Wanted: Turn-Key 10-Node Beowulf Cluster
forgotten password writes: "I'd just started working on my morning M&Ms, when I
was asked where my group can buy a good turn-key ~2CPUx10-node
Beowulf cluster in two hours. I suspect the time frame is
longer than that, although the window-of-opportunity for
the money is apparently on the order of days, and a quote
before the procurement meeting would help. Any ideas?
Who's good? What it should cost? Thanks!" If you're quick, maybe you can become the world's newest manufacturer of custom beowulf clusters.
Clemson University purchased a setup w/ 512 nodes from Atipa, they delivered it onsite. Can't beat that. Call 888-222-7822, and ask for Bret, tell him the PARL sent you
... will sell you one.
Price depends on bells and whistles, but the 8 node, dual processor P-III system we got with SCI cards ran around $35K.
http://www.wsm.com
The little guy just ain't getting it, is he?
Check out www.beowulf-underground.org That is the place for everything beowulf. It is run by the guys in the Parallel Architecture Research Lab at Clemson University.
I hope this helps!
Kent
Penguin Computing ships beowulf clusters
:)
IBMdoes a lot of linux stuff, they even have beowulf traning classes - I imagine that they have some turnkey solution.
Compaq sells 'em. too.
In other words, almost any company that sells Linux servers sells beowulf clusters o' servers as well. And if you want training, quite a few of them out there have classes for it too
1. Microway's Dual 1GHz Pentium III Beowulf Cluster
Package Pricing (Including Server):
8 Processors: $ 8,625
16 Processors: $16,325
32 Processors: $31,725
64 Processors: $62,525
dammm this is like a 1k per proc ! i am sure you can build it cheaper
Check out Scyld [scyld.com]. If I'm not mistaken Donald Becker (one of the founders of Beowulf) is the head of the company ... or at least has something to do with it.
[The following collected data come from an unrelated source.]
lemma (in pair_prob_space) maurey_step:
  fixes h :: "'a \<Rightarrow> 'b \<Rightarrow> real" and T :: "'b \<Rightarrow> real"
  assumes h_meas[measurable]: "(\<lambda>(\<omega>, x). h \<omega> x) \<in> borel_measurable (M1 \<Otimes>\<^sub>M M2)"
    and h_bound: "AE \<omega> in M1. \<forall>x\<in>space M2. \<bar>h \<omega> x\<bar> \<le> C"
    and T_meas[measurable]: "T \<in> borel_measurable M2"
    and T_bound: "\<forall>x\<in>space M2. \<bar>T x\<bar> \<le> K"
  shows "\<exists>\<omega>\<in>space M1. (\<forall>x\<in>space M2. \<bar>h \<omega> x\<bar> \<le> C) \<and>
    (\<integral>x. (T x + (h \<omega> x - (\<integral>\<eta>. h \<eta> x \<partial>M1)))\<^sup>2 \<partial>M2) \<le> (\<integral>x. (T x)\<^sup>2 \<partial>M2) + C\<^sup>2"
proof -
  define F where "F x = (\<integral>\<eta>. h \<eta> x \<partial>M1)" for x
  define H where "H \<omega> x = (T x + (h \<omega> x - F x))\<^sup>2" for \<omega> x
  have h_bound_at: "AE \<omega> in M1. \<bar>h \<omega> x\<bar> \<le> C" if "x \<in> space M2" for x
    using h_bound that by (auto elim!: eventually_mono)
  have F_meas[measurable]: "F \<in> borel_measurable M2"
    unfolding F_def by (rule M1.borel_measurable_lebesgue_integral) measurable
  have F_bound: "\<bar>F x\<bar> \<le> C" if "x \<in> space M2" for x
    unfolding F_def using that h_bound_at[OF that] by (intro M1.abs_expectation_le) measurable
  have H_bound: "AE p in M1 \<Otimes>\<^sub>M M2. \<bar>H (fst p) (snd p)\<bar> \<le> (K + 2 * C)\<^sup>2"
  proof (rule AE_pair_measure)
    show "{p \<in> space (M1 \<Otimes>\<^sub>M M2). \<bar>H (fst p) (snd p)\<bar> \<le> (K + 2 * C)\<^sup>2} \<in> sets (M1 \<Otimes>\<^sub>M M2)"
      unfolding H_def by measurable
    have H_le: "\<bar>H \<omega> x\<bar> \<le> (K + 2 * C)\<^sup>2" if "x \<in> space M2" "\<bar>h \<omega> x\<bar> \<le> C" for \<omega> x
      unfolding H_def abs_power2 using T_bound F_bound[of x] that
      by (intro square_le_of_abs_le) (auto simp: abs_le_iff)
    show "AE \<omega> in M1. AE x in M2. \<bar>H (fst (\<omega>, x)) (snd (\<omega>, x))\<bar> \<le> (K + 2 * C)\<^sup>2"
      using h_bound by eventually_elim (use H_le in auto)
  qed
  have H_int: "integrable (M1 \<Otimes>\<^sub>M M2) (\<lambda>(\<omega>, x). H \<omega> x)"
    using H_bound unfolding H_def by (intro P.integrable_const_bound) (auto simp: case_prod_beta)
  obtain \<omega> where \<omega>: "\<omega> \<in> space M1" "\<forall>x\<in>space M2. \<bar>h \<omega> x\<bar> \<le> C"
    and below: "(\<integral>x. H \<omega> x \<partial>M2) \<le> (\<integral>\<omega>. (\<integral>x. H \<omega> x \<partial>M2) \<partial>M1)"
    using M1.AE_exists_le_expectation[OF h_bound integrable_fst'[OF H_int]] by auto
  have "(\<integral>\<omega>. (\<integral>x. H \<omega> x \<partial>M2) \<partial>M1) = (\<integral>x. (\<integral>\<omega>. H \<omega> x \<partial>M1) \<partial>M2)"
    using Fubini_integral[OF H_int] by simp
  also have "\<dots> \<le> (\<integral>x. (T x)\<^sup>2 + C\<^sup>2 \<partial>M2)"
  proof (rule integral_mono)
    show "integrable M2 (\<lambda>x. \<integral>\<omega>. H \<omega> x \<partial>M1)"
      using integrable_snd[OF H_int] .
    show "integrable M2 (\<lambda>x. (T x)\<^sup>2 + C\<^sup>2)"
      using T_bound by (intro M2.integrable_const_bound[where B = "K\<^sup>2 + C\<^sup>2"])
        (auto simp: square_le_of_abs_le)
    show "(\<integral>\<omega>. H \<omega> x \<partial>M1) \<le> (T x)\<^sup>2 + C\<^sup>2" if "x \<in> space M2" for x
      unfolding H_def F_def using that h_bound_at[OF that]
      by (intro M1.expectation_shifted_square_le) measurable
  qed
  also have "\<dots> = (\<integral>x. (T x)\<^sup>2 \<partial>M2) + C\<^sup>2"
    using T_bound
    by (subst Bochner_Integration.integral_add)
       (auto intro!: M2.integrable_const_bound[where B = "K\<^sup>2"] simp: square_le_of_abs_le M2.prob_space)
  finally show ?thesis
    using \<omega> below unfolding H_def F_def by (blast intro: order_trans)
qed

lemma (in pair_prob_space) maurey_sampling:
  fixes h :: "'a \<Rightarrow> 'b \<Rightarrow> real"
  assumes h_meas[measurable]: "(\<lambda>(\<omega>, x). h \<omega> x) \<in> borel_measurable (M1 \<Otimes>\<^sub>M M2)"
    and h_bound: "AE \<omega> in M1. \<forall>x\<in>space M2. \<bar>h \<omega> x\<bar> \<le> C"
  shows "\<exists>\<omega>. (\<forall>i. \<omega> i \<in> space M1 \<and> (\<forall>x\<in>space M2. \<bar>h (\<omega> i) x\<bar> \<le> C)) \<and>
    integrable M2 (\<lambda>x. (\<Sum>i<k. h (\<omega> i) x - (\<integral>\<eta>. h \<eta> x \<partial>M1))\<^sup>2) \<and>
    (\<integral>x. (\<Sum>i<k. h (\<omega> i) x - (\<integral>\<eta>. h \<eta> x \<partial>M1))\<^sup>2 \<partial>M2) \<le> real k * C\<^sup>2"
proof -
  define F where "F x = (\<integral>\<eta>. h \<eta> x \<partial>M1)" for x
  have F_meas[measurable]: "F \<in> borel_measurable M2"
    unfolding F_def by (rule M1.borel_measurable_lebesgue_integral) measurable
  have F_bound: "\<bar>F x\<bar> \<le> C" if "x \<in> space M2" for x
    unfolding F_def using that h_bound
    by (intro M1.abs_expectation_le) (measurable, auto elim!: eventually_mono)
  have error_meas: "(\<lambda>x. \<Sum>i<k. h (\<omega> i) x - F x) \<in> borel_measurable M2"
    if "\<forall>i. \<omega> i \<in> space M1" for k and \<omega> :: "nat \<Rightarrow> 'a"
  proof -
    have "(\<lambda>x. h (\<omega> i) x) \<in> borel_measurable M2" for i
      using measurable_compose[OF measurable_Pair1'[of "\<omega> i" M1 M2] h_meas] that by simp
    then show ?thesis by measurable
  qed
  have error_bound: "\<bar>\<Sum>i<k. h (\<omega> i) x - F x\<bar> \<le> real k * (2 * C)"
    if "\<forall>i. \<forall>x\<in>space M2. \<bar>h (\<omega> i) x\<bar> \<le> C" "x \<in> space M2" for k and \<omega> :: "nat \<Rightarrow> 'a" and x
    using that F_bound by (intro abs_sum_deviation_le) auto
  have error_integrable: "integrable M2 (\<lambda>x. (\<Sum>i<k. h (\<omega> i) x - F x)\<^sup>2)"
    if "\<forall>i. \<omega> i \<in> space M1 \<and> (\<forall>x\<in>space M2. \<bar>h (\<omega> i) x\<bar> \<le> C)" for k and \<omega> :: "nat \<Rightarrow> 'a"
    using that error_meas[of \<omega> k] error_bound[of \<omega> _ k]
    by (intro M2.integrable_const_bound[where B = "(real k * (2 * C))\<^sup>2"])
       (auto simp: square_le_of_abs_le)
  have "\<exists>\<omega>. (\<forall>i. \<omega> i \<in> space M1 \<and> (\<forall>x\<in>space M2. \<bar>h (\<omega> i) x\<bar> \<le> C)) \<and>
    (\<integral>x. (\<Sum>i<k. h (\<omega> i) x - F x)\<^sup>2 \<partial>M2) \<le> real k * C\<^sup>2"
  proof (induction k)
    case 0
    obtain \<omega> where "\<omega> \<in> space M1" "\<forall>x\<in>space M2. \<bar>h \<omega> x\<bar> \<le> C"
      using M1.AE_exists_le_expectation[OF h_bound, of "\<lambda>_. 0"] by auto
    then show ?case by (intro exI[of _ "\<lambda>_. \<omega>"]) auto
  next
    case (Suc k)
    then obtain \<omega> where \<omega>: "\<forall>i. \<omega> i \<in> space M1 \<and> (\<forall>x\<in>space M2. \<bar>h (\<omega> i) x\<bar> \<le> C)"
      and IH: "(\<integral>x. (\<Sum>i<k. h (\<omega> i) x - F x)\<^sup>2 \<partial>M2) \<le> real k * C\<^sup>2"
      by blast
    define T where "T x = (\<Sum>i<k. h (\<omega> i) x - F x)" for x
    obtain \<eta> where \<eta>: "\<eta> \<in> space M1" "\<forall>x\<in>space M2. \<bar>h \<eta> x\<bar> \<le> C"
      and step: "(\<integral>x. (T x + (h \<eta> x - F x))\<^sup>2 \<partial>M2) \<le> (\<integral>x. (T x)\<^sup>2 \<partial>M2) + C\<^sup>2"
      using maurey_step[OF h_meas h_bound, of T "real k * (2 * C)"] \<omega> error_meas error_bound
      unfolding T_def F_def by blast
    define \<omega>' where "\<omega>' = fun_upd \<omega> k \<eta>"
    have "(\<Sum>i<Suc k. h (\<omega>' i) x - F x) = T x + (h \<eta> x - F x)" for x
      unfolding T_def \<omega>'_def by simp
    then have "(\<integral>x. (\<Sum>i<Suc k. h (\<omega>' i) x - F x)\<^sup>2 \<partial>M2) \<le> real (Suc k) * C\<^sup>2"
      using step IH unfolding T_def by (simp add: algebra_simps)
    moreover have "\<forall>i. \<omega>' i \<in> space M1 \<and> (\<forall>x\<in>space M2. \<bar>h (\<omega>' i) x\<bar> \<le> C)"
      using \<omega> \<eta> unfolding \<omega>'_def by simp
    ultimately show ?case by blast
  qed
  then show ?thesis
    using error_integrable unfolding F_def by blast
qed

definition neuron :: "real \<times> 'a \<times> real \<Rightarrow> 'a::real_inner \<Rightarrow> real" where
  "neuron \<theta> x = (case \<theta> of (b, w, c) \<Rightarrow> c * relu (w \<bullet> x - b))"

definition sampled_neuron :: "'a::real_inner \<Rightarrow> 'a \<Rightarrow> 'a \<Rightarrow> real" where
  "sampled_neuron x1 x2 x = relu ((x2 - x1) \<bullet> (x - x1) / (norm (x2 - x1))\<^sup>2)"

lemma sampled_network_iff:
  "sampled_network X N \<Phi> \<longleftrightarrow>
     (\<exists>x1 x2 a b2. (\<forall>i<N. x1 i \<in> X \<and> x2 i \<in> X \<and> x1 i \<noteq> x2 i) \<and>
        \<Phi> = (\<lambda>x. (\<Sum>i<N. a i * sampled_neuron (x1 i) (x2 i) x) - b2))"
  unfolding sampled_network_def sampled_neuron_def Let_def
  by (simp add: inner_diff_right diff_divide_distrib)

lemma relu_mult_nonneg: "0 \<le> k \<Longrightarrow> relu (k * y) = k * relu y"
  unfolding relu_def by (simp add: max_mult_distrib_left)

lemma sampled_neuron_along:
  assumes "x2 = x1 + s *\<^sub>R w" and "0 < s"
  shows "s * (norm w)\<^sup>2 * sampled_neuron x1 x2 x = relu (w \<bullet> x - w \<bullet> x1)"
proof (cases "w = 0")
  case True
  then show ?thesis by (simp add: relu_def)
next
  case False
  define k where "k = s * (norm w)\<^sup>2"
  have "k > 0" unfolding k_def using assms(2) False by simp
  have "(x2 - x1) \<bullet> (x - x1) / (norm (x2 - x1))\<^sup>2 = (w \<bullet> x - w \<bullet> x1) / k"
    unfolding k_def using assms False by (simp add: inner_diff_right power2_eq_square field_simps)
  then have "k * sampled_neuron x1 x2 x = k * relu ((w \<bullet> x - w \<bullet> x1) / k)"
    unfolding sampled_neuron_def by simp
  also have "\<dots> = relu (k * ((w \<bullet> x - w \<bullet> x1) / k))"
    using \<open>k > 0\<close> by (rule relu_mult_nonneg[symmetric, OF less_imp_le])
  also have "\<dots> = relu (w \<bullet> x - w \<bullet> x1)"
    using \<open>k > 0\<close> by simp
  finally show ?thesis unfolding k_def .
qed

definition cube_min_corner :: "real^'d \<Rightarrow> real^'d" where
  "cube_min_corner w = (\<chi> i. if w$i < 0 then 1 else 0)"

definition cube_max_corner :: "real^'d \<Rightarrow> real^'d" where
  "cube_max_corner w = (\<chi> i. if 0 < w$i then 1 else 0)"

lemma inner_cube_corner_bounds:
  assumes "x \<in> unit_cube"
  shows "w \<bullet> cube_min_corner w \<le> w \<bullet> x" and "w \<bullet> x \<le> w \<bullet> cube_max_corner w"
proof -
  have "0 \<le> x$i" "x$i \<le> 1" for i using assms by (auto simp: unit_cube_def)
  then have "w$i * cube_min_corner w $ i \<le> w$i * x$i" "w$i * x$i \<le> w$i * cube_max_corner w $ i" for i
    unfolding cube_min_corner_def cube_max_corner_def
    by (auto simp: mult_le_cancel_left1 mult_le_cancel_left2 mult_le_0_iff)
  then show "w \<bullet> cube_min_corner w \<le> w \<bullet> x" "w \<bullet> x \<le> w \<bullet> cube_max_corner w"
    by (auto simp: inner_vec_def intro!: sum_mono)
qed

lemma inner_cube_corner_diff: "w \<bullet> cube_max_corner w - w \<bullet> cube_min_corner w = l1norm w"
  unfolding inner_vec_def l1norm_def cube_min_corner_def cube_max_corner_def sum_subtractf[symmetric]
  by (rule sum.cong) auto

lemma abs_inner_le_l1norm:
  assumes "x \<in> unit_cube"
  shows "\<bar>w \<bullet> x\<bar> \<le> l1norm w"
proof -
  have "\<bar>w \<bullet> x\<bar> \<le> (\<Sum>i\<in>UNIV. \<bar>w$i * x$i\<bar>)"
    unfolding inner_vec_def inner_real_def by (rule sum_abs)
  also have "\<dots> \<le> l1norm w"
    unfolding l1norm_def using assms
    by (intro sum_mono) (auto simp: unit_cube_def abs_mult mult_left_le)
  finally show ?thesis .
qed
We bought a 168-node Pentium cluster from Atipa, and we're negotiating for a 1024-node (yes, that's right) Athlon cluster from Linux Networx.
As someone who actually owns a quad Xeon (Intel Sitka 4x400MHz 1M cache) and is building 2 more for a cluster... the answer, as always, is "depends". It all depends on what the intended use is. For a embarrassingly simple parallel processing job (aka running 20 seti@home jobs) the price/performance ratio can be quite poor. Prices are definately down, but the motherboards and RAM are still fairly expensive (typically you need EDO ECC DIMMs with high end server boards, not the cheap SDRAM). You can pick up several 1GHz barebones Athlons for the same price and run the data serially thru each at a faster pace.
On the other hand, if you have a true multi-threaded, highly integrated task that requires high inter-process communication, separate boxes are a poor choice. Something like a large relational database or multi-dimensional vibration calculation wherein each calculation requires knowledge of it's neighbors motions, is far superior on a multi-CPU box. Unless you implement an expensive Dolphin/Myrinet network, the process communication alone, be it over ether, SCSI, or FC, kills a multi-box solution. Not to mention the fact quad Xeon boxes typically take 4-8GB of RAM so everything is always local.